In his first professional season, Noebels scored 30 points in 31 games for the Trenton Titans in the ECHL and 23 in 43 for the Adirondack Phantoms. The next season, in 2013-14, the 6-foot-2 winger struggled with the Phantoms and when the team assigned him back to the ECHL, Noebels didn’t report.
Instead, he returned to Germany to join the Berlin Polar Bears in the DEL where he’s been ever since. While Noebels didn’t make it in North America, he’s had a respectable career overseas and even represented Germany at this year’s World Championships.
Sixth Round, 176th Overall: Petr Placek
With their fifth pick of the draft, the Flyers saw size potential in Placek and nabbed him from the Hotchkiss School in Connecticut. The Czech Republic native committed to Harvard later that summer.
Placek, who is 6-foot-4, played 45 games in his first two seasons with the Crimson, but injuries allowed him to play only one game in his junior year during the 2013-14 season. Placek has not played organized hockey since.
He was left off Harvard’s roster the following year and EliteProspects and HockeyDB show no other data for the former right winger.
Seventh Round, 206th Overall: Derek Mathers
With their final pick of the draft, the Flyers took one of their favorite types of players: a big fighter. Standing at 6-foot-3 and 227 pounds, Philadelphia saw a potential enforcer for the future.
Mathers racked up 171 penalty minutes and five points in 55 games during his draft year for the Peterborough Petes of the OHL. The Ontario native played two more seasons for the Petes hitting a career high of 29 points his final season.
The Flyers signed Mathers to an ELC in 2012 and has been a part of the Phantoms and the ECHL’s Reading Royals for four full seasons. He never amassed more than four points in the AHL but did follow up on his fighter potential with 147 penalty minutes in 40 games.

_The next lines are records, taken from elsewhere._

(* Let $\{f(x;\theta)\}_{\theta\in\Theta}$ be an affine exponential family (defined in the context) with log-normalizer $F$. Let $p(x)=f(x;\theta)$ and $q_u(x)=f(x;\theta_u)$, $u=1,\dots,l$, be members of this family, let $w_1,\dots,w_l>0$ with $\sum_{u=1}^l w_u=1$, and let $\lambda\neq 0$ and an integer $i\geq 2$ be given. Then the power chi pseudo-distance between $p$ and the mixture $\sum_{u=1}^l w_uq_u$ is finite and given by the closed-form finite expression $$ \chi_{i,\lambda}^\pm\Big(p:\sum_{u=1}^{l} w_u q_u\Big)=\sum_{s=0}^i \binom{i}{s}(-\lambda)^{i-s}\sum_{\substack{\alpha_1+\dots+\alpha_l=s\\ \alpha_u\in\mathbb{N}\cup\{0\}}}\binom{s}{\alpha_1,\ldots,\alpha_l}\Big(\prod_{u=1}^l w_u^{\alpha_u}\Big)\exp\Big(F\Big((1-s)\theta+\sum_{u=1}^l\alpha_u\theta_u\Big)-\Big((1-s)F(\theta)+\sum_{u=1}^l\alpha_uF(\theta_u)\Big)\Big). $$ In particular, it can be computed in closed form from $F$, the parameters, the weights and $\lambda$.
   Context: Let $\mu$ be a $\sigma$-finite positive base measure on a measurable space $\mathcal{X}$. An exponential family is a set of probability densities (w.r.t. $\mu$) of the form $f(x;\theta)=\exp(t(x)^\top\theta-F(\theta)+k(x))\,1_{\mathcal{X}}(x)$, with sufficient statistic $t:\mathcal{X}\to\mathbb{R}^D$, carrier term $k$, natural parameter $\theta$ in the natural parameter space $\Theta=\{\theta\in\mathbb{R}^D:\int \exp(t(x)^\top\theta+k(x))\,d\mu(x)<\infty\}$, and log-normalizer $F(\theta)=\log\int\exp(t(x)^\top\theta+k(x))\,d\mu(x)$. It is called an affine exponential family if its natural parameter space $\Theta$ is affine (closed under affine combinations, e.g. $\Theta=\mathbb{R}^D$), as for the Poisson, categorical, isotropic Gaussian and von Mises–Fisher families. For densities $p,r$ and $\lambda\neq0$, integer $i\ge2$, the power chi pseudo-distance is $\chi_{i,\lambda}^\pm(p:r)=\int \frac{(r(x)-\lambda p(x))^i}{p(x)^{i-1}}\,d\mu(x)$; here $(-\lambda)^j$ is the usual integer power. $\binom{s}{\alpha_1,\ldots,\alpha_l}$ denotes the multinomial coefficient. *)

theory Defs
  imports "HOL-Analysis.Analysis"
begin

text \<open>Exponential family on a measure space M with sufficient statistic
  t : space M -> R^D (here real^'n) and carrier term k.\<close>

definition natparam :: "'a measure \<Rightarrow> ('a \<Rightarrow> real^'n) \<Rightarrow> ('a \<Rightarrow> real) \<Rightarrow> (real^'n) set" where
  "natparam M t k = {\<theta>. (\<integral>\<^sup>+ x. ennreal (exp (t x \<bullet> \<theta> + k x)) \<partial>M) < \<infinity>}"

definition lognorm :: "'a measure \<Rightarrow> ('a \<Rightarrow> real^'n) \<Rightarrow> ('a \<Rightarrow> real) \<Rightarrow> real^'n \<Rightarrow> real" where
  "lognorm M t k \<theta> = ln (\<integral> x. exp (t x \<bullet> \<theta> + k x) \<partial>M)"

definition expfam_density :: "'a measure \<Rightarrow> ('a \<Rightarrow> real^'n) \<Rightarrow> ('a \<Rightarrow> real) \<Rightarrow> real^'n \<Rightarrow> 'a \<Rightarrow> real" where
  "expfam_density M t k \<theta> x = exp (t x \<bullet> \<theta> - lognorm M t k \<theta> + k x) * indicator (space M) x"

definition power_chi :: "'a measure \<Rightarrow> nat \<Rightarrow> real \<Rightarrow> ('a \<Rightarrow> real) \<Rightarrow> ('a \<Rightarrow> real) \<Rightarrow> real" where
  "power_chi M i lam p r = (\<integral> x. (r x - lam * p x) ^ i / p x ^ (i - 1) \<partial>M)"

definition multinomial_coeff :: "nat \<Rightarrow> nat \<Rightarrow> (nat \<Rightarrow> nat) \<Rightarrow> nat" where
  "multinomial_coeff s l \<alpha> = fact s div (\<Prod>u=1..l. fact (\<alpha> u))"

end

theory Submission
  imports Defs
begin

text \<open>Expanding \<open>(\<Sum>u. w u * q u - \<lambda> * p) ^ i / p ^ (i - 1)\<close> by the binomial and
  multinomial theorems gives a finite sum of terms \<open>p ^ (1 - s) * (\<Prod>u. q u ^ \<alpha> u)\<close>. In an
  exponential family such a product is a constant multiple of the density with natural parameter
  \<open>(1 - s) \<theta> + (\<Sum>u. \<alpha> u \<theta>s u)\<close>, the constant being the exponential of the
  log-normaliser difference in the claim. That parameter is an affine combination of natural
  parameters, hence lies in the affine natural parameter space, so its density integrates to 1.\<close>

definition weak_compositions :: "'b set \<Rightarrow> nat \<Rightarrow> ('b \<Rightarrow> nat) set" where
  "weak_compositions A s = {\<alpha>. (\<forall>u. u \<notin> A \<longrightarrow> \<alpha> u = 0) \<and> sum \<alpha> A = s}"

lemma finite_weak_compositions:
  assumes "finite A"
  shows "finite (weak_compositions A s)"
proof -
  have "weak_compositions A s \<subseteq> {f. \<forall>x. (x \<in> A \<longrightarrow> f x \<in> {0..s}) \<and> (x \<notin> A \<longrightarrow> f x = 0)}"
    unfolding weak_compositions_def using assms by (auto intro: member_le_sum)
  then show ?thesis
    using finite_set_of_finite_funs[OF assms, of "{0..s}" 0] finite_subset by blast
qed

lemma weak_compositions_empty: "weak_compositions {} s = (if s = 0 then {\<lambda>_. 0} else {})"
  by (auto simp: weak_compositions_def)

lemma sum_weak_compositions_insert:
  assumes "finite A" "a \<notin> A"
  shows "(\<Sum>\<alpha>\<in>weak_compositions (insert a A) s. g \<alpha>)
       = (\<Sum>j\<le>s. \<Sum>\<beta>\<in>weak_compositions A (s - j). g (\<beta>(a := j)))"
proof -
  have sum_upd: "(\<Sum>u\<in>A. if u = a then j else \<beta> u) = sum \<beta> A" for \<beta> :: "_ \<Rightarrow> nat" and j
    using assms(2) by (intro sum.cong) auto
  have "(\<Sum>j\<le>s. \<Sum>\<beta>\<in>weak_compositions A (s - j). g (\<beta>(a := j)))
      = (\<Sum>(j, \<beta>)\<in>(SIGMA j:{..s}. weak_compositions A (s - j)). g (\<beta>(a := j)))"
    by (rule sum.Sigma) (auto simp: finite_weak_compositions assms)
  also have "\<dots> = (\<Sum>\<alpha>\<in>weak_compositions (insert a A) s. g \<alpha>)"
  proof (rule sum.reindex_bij_witness[where i="\<lambda>\<alpha>. (\<alpha> a, \<alpha>(a := 0))"])
    fix \<alpha> assume "\<alpha> \<in> weak_compositions (insert a A) s"
    then show "(\<alpha> a, \<alpha>(a := 0)) \<in> (SIGMA j:{..s}. weak_compositions A (s - j))"
      using assms by (auto simp: weak_compositions_def sum_upd)
  next
    fix p assume "p \<in> (SIGMA j:{..s}. weak_compositions A (s - j))"
    then show "(case p of (j, \<beta>) \<Rightarrow> \<beta>(a := j)) \<in> weak_compositions (insert a A) s"
      and "((case p of (j, \<beta>) \<Rightarrow> \<beta>(a := j)) a, (case p of (j, \<beta>) \<Rightarrow> \<beta>(a := j))(a := 0)) = p"
      using assms by (auto simp: weak_compositions_def sum_upd fun_eq_iff)
  qed auto
  finally show ?thesis by simp
qed

lemma prod_fact_dvd_fact_sum:
  "finite A \<Longrightarrow> (\<Prod>u\<in>A. fact (\<beta> u) :: nat) dvd fact (sum \<beta> A)"
proof (induction A rule: finite_induct)
  case (insert a A)
  have "fact (\<beta> a) * (\<Prod>u\<in>A. fact (\<beta> u)) dvd fact (\<beta> a) * (fact (sum \<beta> A) :: nat)"
    using insert by (simp add: mult_dvd_mono)
  also have "\<dots> dvd fact (\<beta> a + sum \<beta> A)"
    by (rule fact_fact_dvd_fact)
  finally show ?case
    using insert by simp
qed simp

lemma real_multinomial_coeff:
  assumes "\<alpha> \<in> weak_compositions {1..l} s"
  shows "real (multinomial_coeff s l \<alpha>) = fact s / (\<Prod>u=1..l. fact (\<alpha> u))"
  using assms prod_fact_dvd_fact_sum[of "{1..l}" \<alpha>]
  by (auto simp: multinomial_coeff_def weak_compositions_def real_of_nat_div of_nat_prod)

theorem multinomial_theorem:
  fixes x :: "'b \<Rightarrow> 'a::field_char_0"
  assumes "finite A"
  shows "(\<Sum>u\<in>A. x u) ^ s
       = (\<Sum>\<alpha>\<in>weak_compositions A s. fact s / (\<Prod>u\<in>A. fact (\<alpha> u)) * (\<Prod>u\<in>A. x u ^ \<alpha> u))"
  using assms
proof (induction A arbitrary: s rule: finite_induct)
  case empty
  then show ?case by (simp add: weak_compositions_empty)
next
  case (insert a A)
  let ?coeff = "\<lambda>\<alpha>. fact s / (\<Prod>u\<in>insert a A. fact (\<alpha> u)) * (\<Prod>u\<in>insert a A. x u ^ \<alpha> u) :: 'a"
  have summand: "of_nat (s choose j) * x a ^ j
        * (fact (s - j) / (\<Prod>u\<in>A. fact (\<beta> u)) * (\<Prod>u\<in>A. x u ^ \<beta> u)) = ?coeff (\<beta>(a := j))"
    if "j \<le> s" for j \<beta>
  proof -
    have "(\<Prod>u\<in>A. fact ((\<beta>(a := j)) u) :: 'a) = (\<Prod>u\<in>A. fact (\<beta> u))"
      "(\<Prod>u\<in>A. x u ^ (\<beta>(a := j)) u) = (\<Prod>u\<in>A. x u ^ \<beta> u)"
      using insert.hyps by (auto intro: prod.cong)
    then have "(\<Prod>u\<in>insert a A. fact ((\<beta>(a := j)) u) :: 'a) = fact j * (\<Prod>u\<in>A. fact (\<beta> u))"
      "(\<Prod>u\<in>insert a A. x u ^ (\<beta>(a := j)) u) = x a ^ j * (\<Prod>u\<in>A. x u ^ \<beta> u)"
      using insert.hyps by simp_all
    moreover have "(of_nat (s choose j) :: 'a) = fact s / (fact j * fact (s - j))"
      using that by (simp add: binomial_fact)
    moreover have "(\<Prod>u\<in>A. fact (\<beta> u) :: 'a) \<noteq> 0"
      by (simp add: prod_zero_iff insert.hyps)
    ultimately show ?thesis
      by (simp add: field_simps)
  qed
  have "(\<Sum>u\<in>insert a A. x u) ^ s = (x a + (\<Sum>u\<in>A. x u)) ^ s"
    using insert.hyps by simp
  also have "\<dots> = (\<Sum>j\<le>s. of_nat (s choose j) * x a ^ j * (\<Sum>u\<in>A. x u) ^ (s - j))"
    by (rule binomial_ring)
  also have "\<dots> = (\<Sum>j\<le>s. \<Sum>\<beta>\<in>weak_compositions A (s - j). of_nat (s choose j) * x a ^ j
      * (fact (s - j) / (\<Prod>u\<in>A. fact (\<beta> u)) * (\<Prod>u\<in>A. x u ^ \<beta> u)))"
    by (simp only: insert.IH sum_distrib_left)
  also have "\<dots> = (\<Sum>j\<le>s. \<Sum>\<beta>\<in>weak_compositions A (s - j). ?coeff (\<beta>(a := j)))"
    by (intro sum.cong refl summand) simp
  also have "\<dots> = (\<Sum>\<alpha>\<in>weak_compositions (insert a A) s. ?coeff \<alpha>)"
    by (rule sum_weak_compositions_insert[symmetric]) (use insert.hyps in auto)
  finally show ?case .
qed

lemma affine_sum_combination:
  fixes S :: "'b::real_vector set"
  assumes "affine S" "\<theta> \<in> S" "finite A" "\<And>u. u \<in> A \<Longrightarrow> \<theta>s u \<in> S"
  shows "(1 - sum c A) *\<^sub>R \<theta> + (\<Sum>u\<in>A. c u *\<^sub>R \<theta>s u) \<in> S"
proof -
  have "\<theta> + (\<Sum>u\<in>A. c u *\<^sub>R (\<theta>s u - \<theta>)) \<in> S"
    using assms(3,4)
  proof (induction A rule: finite_induct)
    case (insert a A)
    have "(\<theta> + (\<Sum>u\<in>A. c u *\<^sub>R (\<theta>s u - \<theta>))) + c a *\<^sub>R (\<theta>s a - \<theta>) \<in> S"
      by (rule mem_affine_3_minus) (use insert assms(1,2) in auto)
    then show ?case
      using insert.hyps by (simp add: algebra_simps)
  qed (use assms(2) in simp)
  then show ?thesis
    by (simp add: algebra_simps scaleR_sum_left sum_subtractf)
qed

lemma has_bochner_integral_expfam_density:
  assumes "emeasure M (space M) \<noteq> 0" "t \<in> borel_measurable M" "k \<in> borel_measurable M"
    and "\<theta> \<in> natparam M t k"
  shows "has_bochner_integral M (expfam_density M t k \<theta>) 1"
proof -
  define e where "e x = exp (t x \<bullet> \<theta> + k x)" for x
  define Z where "Z = (\<integral>x. e x \<partial>M)"
  have "e \<in> borel_measurable M"
    unfolding e_def using assms(2,3) by measurable
  then have integrable: "integrable M e"
    by (rule integrableI_nonneg) (use assms(4) in \<open>auto simp: natparam_def e_def\<close>)
  have "Z \<noteq> 0"
  proof
    assume "Z = 0"
    moreover have "AE x in M. 0 \<le> e x"
      by (simp add: e_def)
    ultimately have "AE x in M. e x = 0"
      using integral_nonneg_eq_0_iff_AE[OF integrable] by (simp add: Z_def)
    then have "AE x in M. False"
      by (simp add: e_def)
    with assms(1) show False
      using ae_filter_eq_bot_iff eventually_False by metis
  qed
  moreover have "Z \<ge> 0"
    unfolding Z_def e_def by (intro integral_nonneg_AE) auto
  ultimately have "Z > 0"
    by linarith
  then have "expfam_density M t k \<theta> x = e x / Z" if "x \<in> space M" for x
    using that by (simp add: expfam_density_def lognorm_def e_def Z_def exp_diff exp_add)
  moreover have "has_bochner_integral M (\<lambda>x. e x / Z) (Z / Z)"
    using integrable
    by (intro has_bochner_integral_divide_zero) (simp add: Z_def has_bochner_integral_iff)
  ultimately show ?thesis
    using \<open>Z \<noteq> 0\<close> by (simp cong: has_bochner_integral_cong)
qed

But with fights becoming less of a part of hockey and fighters becoming less of a role, it’s become clear that the NHL has moved past Mathers. However, he is still part of the organization, suiting up for three Phantoms games this season.
While the Flyers can look at their first two picks of the draft and smile, the team probably would have liked to find some more NHL roster players in the bottom rounds. What’s even worse is that the final four picks have not had that much of an effect in the AHL.
However, the 2011 Draft found a longtime center for the team and a bottom six forward. For that, this draft won’t be marked up as a failure.